One interesting idea is that decentralized computation might be possible to use, especially if a crypto crash would send miners looking for alternative ways to use their GPUs. There are several companies working on this, however I’ve not seen it done with any success yet.
Computational cost as a potential bottleneck for inference
If the computational cost is close to the cost of human labour in many cases, specialized chips are more likely to play a major role. Since there is probably only one or a few transformative AIs, the AI chips they use wouldn’t actually have to be particularly flexible or easy to use, it just has to be cheap.
Isn’t that math wrong? 17 trillion parameters is 100x more than GPT-3, so the cost should be at least 100x higher, so if the cost is $12M now it should be at least a billion dollars. I think it would be about $3B. It would probably cost a bit more than that since the scaling law will probably bend soon and more data will be needed per parameter. Also there may be inefficiencies from doing things at that scale. I’d guess maybe $10B give or take an order of magnitude.
Some hopeful speculation (warning: Hope clouds observation):
Maybe the relevant sort of AI system won’t just stream-of-consciousness generate words like GPT-3 does, but rather be some sort of internal bureaucracy of prompt programming that e.g. takes notes to itself, spins of sub-routines to do various tasks like looking up facts, reviews and edits text before finalizing the product, etc. such that 10x or even 100x compute is spent per word of generated text. This would mean $1 - $10 per 700 words generated, which is maybe enough to be outcompeted by humans for many applications.

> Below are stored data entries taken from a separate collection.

lemma S_ent_mixture:
  assumes "unit_vec a" "unit_vec b"
  shows "S_ent \<alpha> \<beta> ((1/2) *\<^sub>R (proj a + proj b)) = binary_entropy \<alpha> \<beta> ((1 - cmod (braket a b)) / 2)"
proof -
  define \<rho> where "\<rho> = (1/2 :: real) *\<^sub>R (proj a + proj b)"
  define c where "c = cmod (braket a b)"
  have "0 \<le> c" "c \<le> 1"
    using cmod_braket_le_one[OF assms] by (auto simp: c_def)
  have tr: "Re (mtrace \<rho>) = 1"
    using assms unfolding \<rho>_def mtrace_def proj_def unit_vec_iff cmod_power2
    by simp (simp add: scaleR_conv_of_real field_simps power2_eq_square)
  have "4 * Re (mdet \<rho>)
      = (cmod (a $ 1) ^ 2 + cmod (a $ 2) ^ 2) * (cmod (b $ 1) ^ 2 + cmod (b $ 2) ^ 2) - c ^ 2"
    unfolding \<rho>_def c_def mdet_def proj_def braket_def cmod_power2
    by simp (simp add: scaleR_conv_of_real field_simps power2_eq_square)
  then have "4 * Re (mdet \<rho>) = 1 - c ^ 2"
    using assms unfolding unit_vec_iff by simp
  then have "sqrt ((Re (mtrace \<rho>))\<^sup>2 - 4 * Re (mdet \<rho>)) = c"
    using tr \<open>0 \<le> c\<close> by simp
  then have "eig_plus \<rho> = 1 - (1 - c) / 2" "eig_minus \<rho> = (1 - c) / 2"
    unfolding eig_plus_def eig_minus_def using tr by (simp_all add: field_simps)
  then have "tr_pow \<alpha> \<rho> = binary_tr_pow \<alpha> ((1 - c) / 2)"
    unfolding tr_pow_def binary_tr_pow_def by (simp only:)
  then show ?thesis
    unfolding S_ent_def binary_entropy_def \<rho>_def c_def by (simp only:)
qed

lemma S_ent_proj:
  assumes "unit_vec a"
  shows "S_ent \<alpha> \<beta> (proj a) = 0"
proof -
  have "(1/2 :: real) *\<^sub>R (proj a + proj a) = proj a"
    by (simp add: scaleR_2[symmetric])
  moreover have "cmod (braket a a) = 1"
    using assms by (simp add: braket_self unit_vec_iff)
  ultimately show ?thesis
    using S_ent_mixture[OF assms assms, of \<alpha> \<beta>] by (simp add: binary_entropy_zero)
qed

lemma J_div_proj:
  "unit_vec a \<Longrightarrow> unit_vec b \<Longrightarrow>
     J_div \<alpha> \<beta> (proj a) (proj b) = binary_entropy \<alpha> \<beta> ((1 - cmod (braket a b)) / 2)"
  unfolding J_div_def by (simp add: S_ent_mixture S_ent_proj)

section \<open>Overlaps with stabilizer states\<close>

lemma finite_stab_pure: "finite stab_pure"
  unfolding stab_pure_def by simp

lemma unit_vec_stab_pure: "\<phi> \<in> stab_pure \<Longrightarrow> unit_vec \<phi>"
  unfolding stab_pure_def unit_vec_iff by (auto simp: power2_eq_square norm_divide)

lemma stab_pure_moduli:
  assumes "\<phi> \<in> stab_pure"
  shows "(cmod (\<phi> $ 1) ^ 2, cmod (\<phi> $ 2) ^ 2) \<in> {(1, 0), (0, 1), (1/2, 1/2)}"
  using assms unfolding stab_pure_def by (auto simp: power2_eq_square norm_divide)

lemma cmod_braket_basis:
  "cmod (braket \<psi> (vector [1, 0])) = cmod (\<psi> $ 1)" "cmod (braket \<psi> (vector [0, 1])) = cmod (\<psi> $ 2)"
  by (simp_all add: braket_def)

lemma cmod_braket_balanced_sq:
  fixes \<psi> :: qvec
  defines "c \<equiv> cnj (\<psi> $ 1) * \<psi> $ 2" and "N \<equiv> cmod (\<psi> $ 1) ^ 2 + cmod (\<psi> $ 2) ^ 2"
  shows "2 * cmod (braket \<psi> (vector [1 / sqrt 2, 1 / sqrt 2])) ^ 2 = N + 2 * Re c"
    and "2 * cmod (braket \<psi> (vector [1 / sqrt 2, - 1 / sqrt 2])) ^ 2 = N - 2 * Re c"
    and "2 * cmod (braket \<psi> (vector [1 / sqrt 2, \<i> / sqrt 2])) ^ 2 = N + 2 * Im c"
    and "2 * cmod (braket \<psi> (vector [1 / sqrt 2, - \<i> / sqrt 2])) ^ 2 = N - 2 * Im c"
  unfolding braket_def cmod_power2 c_def N_def
  by (simp_all add: power2_eq_square field_simps)

lemma cmod_braket_stab_pure_sq:
  fixes \<psi> :: qvec
  defines "c \<equiv> cnj (\<psi> $ 1) * \<psi> $ 2" and "N \<equiv> cmod (\<psi> $ 1) ^ 2 + cmod (\<psi> $ 2) ^ 2"
  assumes "\<phi> \<in> stab_pure"
  shows "2 * cmod (braket \<psi> \<phi>) ^ 2 \<in> {2 * cmod (\<psi> $ 1) ^ 2, 2 * cmod (\<psi> $ 2) ^ 2,
    N + 2 * Re c, N - 2 * Re c, N + 2 * Im c, N - 2 * Im c}"
  using assms(3) unfolding stab_pure_def c_def N_def
  by (elim insertE emptyE) (simp_all only: cmod_braket_basis cmod_braket_balanced_sq insert_iff simp_thms)
(* For every $[t_0:t_1]\in\mathbb{P}^1_{\mathbb{C}}$ with $[t_0:t_1]\neq[1:0]$, the polynomial $F^{[t_0:t_1]}_{S_2}=t_0F_{S_2}(x_2^3-x_3^3)+t_1\left(G_2-F_{S_2}(x_2^3-x_3^3)\right)$ defines an irreducible surface in $\mathbb{P}^3_{\mathbb{C}}$.
   Context: $\mathbb{P}^3_{\mathbb{C}}=\operatorname{Proj}\mathbb{C}[x_0,\dots,x_3]$, $F_{S_1}=x_0^9+(x_1^3-x_2^3)(x_2^3-x_3^3)(x_3^3-x_1^3)$, $F_{S_2}=F_{S_1}(x_0^9-x_1^3x_2^3x_3^3)+x_1^6x_2^6x_3^6$, $G_2=x_0^{21}+x_1^{21}+x_2^{21}-x_3^{21}$. *)

theory Defs
  imports "HOL-Computational_Algebra.Polynomial_Factorial"
begin

text \<open>Polynomials in C[x0,x1,x2,x3], represented as iterated univariate polynomials
  ((C[x0])[x1])[x2])[x3]: the outermost polynomial variable is x3, the innermost is x0.\<close>

type_synonym mpoly4 = "complex poly poly poly poly"

definition X0 :: mpoly4 where "X0 = [:[:[:[:0, 1:]:]:]:]"
definition X1 :: mpoly4 where "X1 = [:[:[:0, 1:]:]:]"
definition X2 :: mpoly4 where "X2 = [:[:0, 1:]:]"
definition X3 :: mpoly4 where "X3 = [:0, 1:]"

definition const4 :: "complex \<Rightarrow> mpoly4" where "const4 c = [:[:[:[:c:]:]:]:]"

definition F_S1 :: mpoly4 where
  "F_S1 = X0^9 + (X1^3 - X2^3) * (X2^3 - X3^3) * (X3^3 - X1^3)"

definition F_S2 :: mpoly4 where
  "F_S2 = F_S1 * (X0^9 - X1^3 * X2^3 * X3^3) + X1^6 * X2^6 * X3^6"

definition G_2 :: mpoly4 where
  "G_2 = X0^21 + X1^21 + X2^21 - X3^21"

definition F_S2_pencil :: "complex \<Rightarrow> complex \<Rightarrow> mpoly4" where
  "F_S2_pencil t0 t1 =
     const4 t0 * (F_S2 * (X2^3 - X3^3)) + const4 t1 * (G_2 - F_S2 * (X2^3 - X3^3))"

end

theory Submission
  imports Defs
begin

text \<open>Exchanging \<open>x1\<close> and \<open>x3\<close> turns the pencil into a polynomial of degree 21 in the outermost
  variable whose leading coefficient is the constant \<open>t1\<close>, nonzero because
  \<open>[t0:t1] \<noteq> [1:0]\<close>. Restricting the coefficients to the line \<open>(x0, x1, x2) = (0, 1, 1 + y)\<close>
  and then putting \<open>y = 0\<close> kills every lower coefficient, while the constant coefficient restricts
  to \<open>t1 ((1 + y)^21 - 1)\<close>, which vanishes only to first order at \<open>y = 0\<close>. This is Eisenstein's
  criterion for the kernel of the restriction, so the swapped pencil is irreducible, and so is the
  pencil itself.\<close>

locale comm_ring_hom =
  fixes hom :: "'a::comm_ring_1 \<Rightarrow> 'b::comm_ring_1"
  assumes hom_add: "hom (x + y) = hom x + hom y"
    and hom_mult: "hom (x * y) = hom x * hom y"
    and hom_one: "hom 1 = 1"
begin

lemma hom_zero: "hom 0 = 0"
  using hom_add[of 0 0] by simp

lemma hom_diff: "hom (x - y) = hom x - hom y"
  using hom_add[of "x - y" y] by (simp add: algebra_simps)

lemma hom_power: "hom (x ^ n) = hom x ^ n"
  by (induction n) (simp_all add: hom_one hom_mult)

lemma hom_dvd_1: "x dvd 1 \<Longrightarrow> hom x dvd 1"
  by (metis dvdE dvdI hom_mult hom_one)

lemma map_poly_hom_smult: "map_poly hom (smult a p) = smult (hom a) (map_poly hom p)"
  by (simp add: map_poly_smult hom_zero hom_mult)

If multiplying the size by 5 means multiplying the cost by 10 (and if this relationship is consistent as size continues to increase) then a 100x size increase is about 2.86 5x-ings, which means a cost increase of about 10^2.86 or about 730, which means that $12M becomes about $8.7B. (Much more than the $3B you suggest and of course much much more than the $300M OP suggests.)
[EDITED to add:] Oops, should have refreshed the page before commenting; I see that OP has already fixed this.
You are absolutely correct, the cost must be more than 100x if costs scales faster than number of parameters. I have now updated the calculations and got a 727 increase of costs.
I suspect you might be right. If we imagine the human brain, every neuron is reused tens of times by the time it takes to say a single word, so I it doesn’t seem unlikely that a good architecture reuses neurons multiple times before “outputting” something. So I think an increase as you say with about 10-100x is not unlikely.
I think you mean a billion tasks like this per day.
Even if this is true,
is this true? Or could increasing the size of a larger model, cost more, i.e. 5x-ing GPT3 is 10x, but 5x-ing again costs more that 10x?
That’s a good question. I can see both the scenario of price increasing both more or less than that.
The compute needed for the training is in this example the only significant factor in price, and that’s the one that scales at 10x cost for 5x size. (However, sadly I can’t find the source where I read it, so again, please feel free to share if someone has a better method for estimation.)
Building the infrastructure for training a model of several trillion parameters could easily create a chip shortage, drastically increasing costs of AI chips, and thus leading to training costing way more than the estimate.
However, it might be possible that building a huge infrastructure would have many benefits of scale. For example Google might build a TPU “gigafactory” and because of the high volume of produced TPUs, the price per TPU would decrease significantly.
Doing this slowly might be the sort of increased demand that would increase investment, and decrease price.